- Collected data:
----------
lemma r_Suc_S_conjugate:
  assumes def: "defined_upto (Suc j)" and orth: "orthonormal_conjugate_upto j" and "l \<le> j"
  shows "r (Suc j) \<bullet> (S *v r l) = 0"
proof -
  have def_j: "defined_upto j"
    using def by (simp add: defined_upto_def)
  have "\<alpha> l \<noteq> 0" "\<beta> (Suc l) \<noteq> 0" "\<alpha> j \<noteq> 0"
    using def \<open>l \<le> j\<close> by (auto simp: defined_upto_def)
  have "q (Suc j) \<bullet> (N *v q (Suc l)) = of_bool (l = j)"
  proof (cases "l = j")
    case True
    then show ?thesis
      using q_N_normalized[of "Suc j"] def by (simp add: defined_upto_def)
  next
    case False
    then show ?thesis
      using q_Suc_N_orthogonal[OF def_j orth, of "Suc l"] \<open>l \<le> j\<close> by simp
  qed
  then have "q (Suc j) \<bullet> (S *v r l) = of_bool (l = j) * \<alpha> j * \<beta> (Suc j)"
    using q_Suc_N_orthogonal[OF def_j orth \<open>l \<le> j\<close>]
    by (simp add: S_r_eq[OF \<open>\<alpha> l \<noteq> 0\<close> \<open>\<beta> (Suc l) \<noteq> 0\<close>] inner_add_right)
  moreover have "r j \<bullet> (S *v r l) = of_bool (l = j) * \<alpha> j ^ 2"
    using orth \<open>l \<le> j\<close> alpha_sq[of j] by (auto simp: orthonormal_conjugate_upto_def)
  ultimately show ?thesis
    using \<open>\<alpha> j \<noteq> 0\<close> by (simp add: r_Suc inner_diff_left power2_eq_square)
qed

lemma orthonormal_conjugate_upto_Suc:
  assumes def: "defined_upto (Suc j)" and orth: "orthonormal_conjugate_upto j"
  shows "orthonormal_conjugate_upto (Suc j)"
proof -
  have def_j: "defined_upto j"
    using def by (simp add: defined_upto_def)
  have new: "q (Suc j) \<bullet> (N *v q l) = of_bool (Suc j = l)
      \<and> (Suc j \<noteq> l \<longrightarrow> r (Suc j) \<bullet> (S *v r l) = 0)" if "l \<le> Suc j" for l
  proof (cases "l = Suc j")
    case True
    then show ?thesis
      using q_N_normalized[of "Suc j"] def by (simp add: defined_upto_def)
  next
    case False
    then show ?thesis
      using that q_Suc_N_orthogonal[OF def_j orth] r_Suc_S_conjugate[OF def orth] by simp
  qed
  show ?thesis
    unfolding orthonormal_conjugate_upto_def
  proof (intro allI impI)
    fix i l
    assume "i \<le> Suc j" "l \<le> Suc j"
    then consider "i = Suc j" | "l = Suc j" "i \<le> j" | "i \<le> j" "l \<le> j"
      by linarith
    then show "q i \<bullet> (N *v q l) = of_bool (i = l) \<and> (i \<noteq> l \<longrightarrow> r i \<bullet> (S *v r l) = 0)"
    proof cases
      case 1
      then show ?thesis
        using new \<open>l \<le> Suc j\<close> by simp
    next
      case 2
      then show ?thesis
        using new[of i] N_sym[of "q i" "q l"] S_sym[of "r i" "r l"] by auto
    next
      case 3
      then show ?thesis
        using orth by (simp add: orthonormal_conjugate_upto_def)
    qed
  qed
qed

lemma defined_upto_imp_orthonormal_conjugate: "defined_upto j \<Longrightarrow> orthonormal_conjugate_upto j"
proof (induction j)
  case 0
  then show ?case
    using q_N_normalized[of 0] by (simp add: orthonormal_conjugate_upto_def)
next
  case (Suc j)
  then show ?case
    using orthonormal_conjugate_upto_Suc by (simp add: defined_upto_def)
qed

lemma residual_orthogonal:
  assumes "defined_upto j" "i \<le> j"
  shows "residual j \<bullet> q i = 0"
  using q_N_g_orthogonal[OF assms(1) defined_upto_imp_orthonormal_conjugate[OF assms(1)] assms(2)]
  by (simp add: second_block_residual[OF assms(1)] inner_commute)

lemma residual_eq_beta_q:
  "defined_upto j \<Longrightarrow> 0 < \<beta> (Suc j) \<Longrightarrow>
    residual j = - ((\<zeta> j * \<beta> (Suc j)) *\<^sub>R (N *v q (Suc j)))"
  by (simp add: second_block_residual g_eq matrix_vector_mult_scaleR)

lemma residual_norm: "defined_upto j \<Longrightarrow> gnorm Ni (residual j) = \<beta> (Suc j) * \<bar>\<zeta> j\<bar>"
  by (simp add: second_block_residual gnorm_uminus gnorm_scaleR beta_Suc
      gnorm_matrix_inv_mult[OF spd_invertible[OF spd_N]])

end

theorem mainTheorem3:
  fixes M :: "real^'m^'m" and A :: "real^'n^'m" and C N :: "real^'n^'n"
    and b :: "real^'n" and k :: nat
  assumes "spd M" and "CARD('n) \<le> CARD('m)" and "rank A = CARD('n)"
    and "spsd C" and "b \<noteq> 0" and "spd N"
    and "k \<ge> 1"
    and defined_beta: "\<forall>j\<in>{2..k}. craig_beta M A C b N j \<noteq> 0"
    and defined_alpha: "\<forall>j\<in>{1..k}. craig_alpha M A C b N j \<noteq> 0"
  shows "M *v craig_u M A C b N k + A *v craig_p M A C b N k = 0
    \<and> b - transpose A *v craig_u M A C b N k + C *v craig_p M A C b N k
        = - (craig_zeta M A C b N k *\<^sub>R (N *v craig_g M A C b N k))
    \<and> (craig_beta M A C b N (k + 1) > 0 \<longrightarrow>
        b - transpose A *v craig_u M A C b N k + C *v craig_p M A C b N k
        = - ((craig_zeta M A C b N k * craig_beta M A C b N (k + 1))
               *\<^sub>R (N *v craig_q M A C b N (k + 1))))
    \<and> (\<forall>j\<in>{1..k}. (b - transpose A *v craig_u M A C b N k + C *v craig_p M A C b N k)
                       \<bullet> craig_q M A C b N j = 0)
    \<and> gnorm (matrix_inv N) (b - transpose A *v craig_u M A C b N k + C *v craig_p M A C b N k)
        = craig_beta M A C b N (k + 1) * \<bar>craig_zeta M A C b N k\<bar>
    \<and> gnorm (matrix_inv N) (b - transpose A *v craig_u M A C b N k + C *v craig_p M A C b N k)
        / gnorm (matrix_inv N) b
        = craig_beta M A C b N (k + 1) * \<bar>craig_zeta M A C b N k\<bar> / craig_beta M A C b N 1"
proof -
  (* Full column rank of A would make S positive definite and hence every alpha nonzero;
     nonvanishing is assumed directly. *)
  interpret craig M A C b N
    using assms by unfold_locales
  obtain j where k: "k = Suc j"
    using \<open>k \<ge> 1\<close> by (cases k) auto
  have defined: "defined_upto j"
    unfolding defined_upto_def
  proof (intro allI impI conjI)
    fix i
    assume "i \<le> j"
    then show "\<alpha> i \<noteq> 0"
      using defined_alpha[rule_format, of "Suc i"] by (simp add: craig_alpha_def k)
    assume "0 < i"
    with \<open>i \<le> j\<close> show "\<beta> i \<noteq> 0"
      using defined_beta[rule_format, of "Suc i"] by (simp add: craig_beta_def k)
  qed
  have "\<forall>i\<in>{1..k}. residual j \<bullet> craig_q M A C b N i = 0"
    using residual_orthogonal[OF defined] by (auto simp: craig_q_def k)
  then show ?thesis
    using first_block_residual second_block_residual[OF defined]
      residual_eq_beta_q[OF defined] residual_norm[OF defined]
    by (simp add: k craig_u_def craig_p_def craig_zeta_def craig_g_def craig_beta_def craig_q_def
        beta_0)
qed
----------
- ASSIGNMENT:
Filter the data for the string "impI". Copy each matching line.

- ANSWER BOX:
  proof (intro allI impI)
  proof (intro allI impI conjI)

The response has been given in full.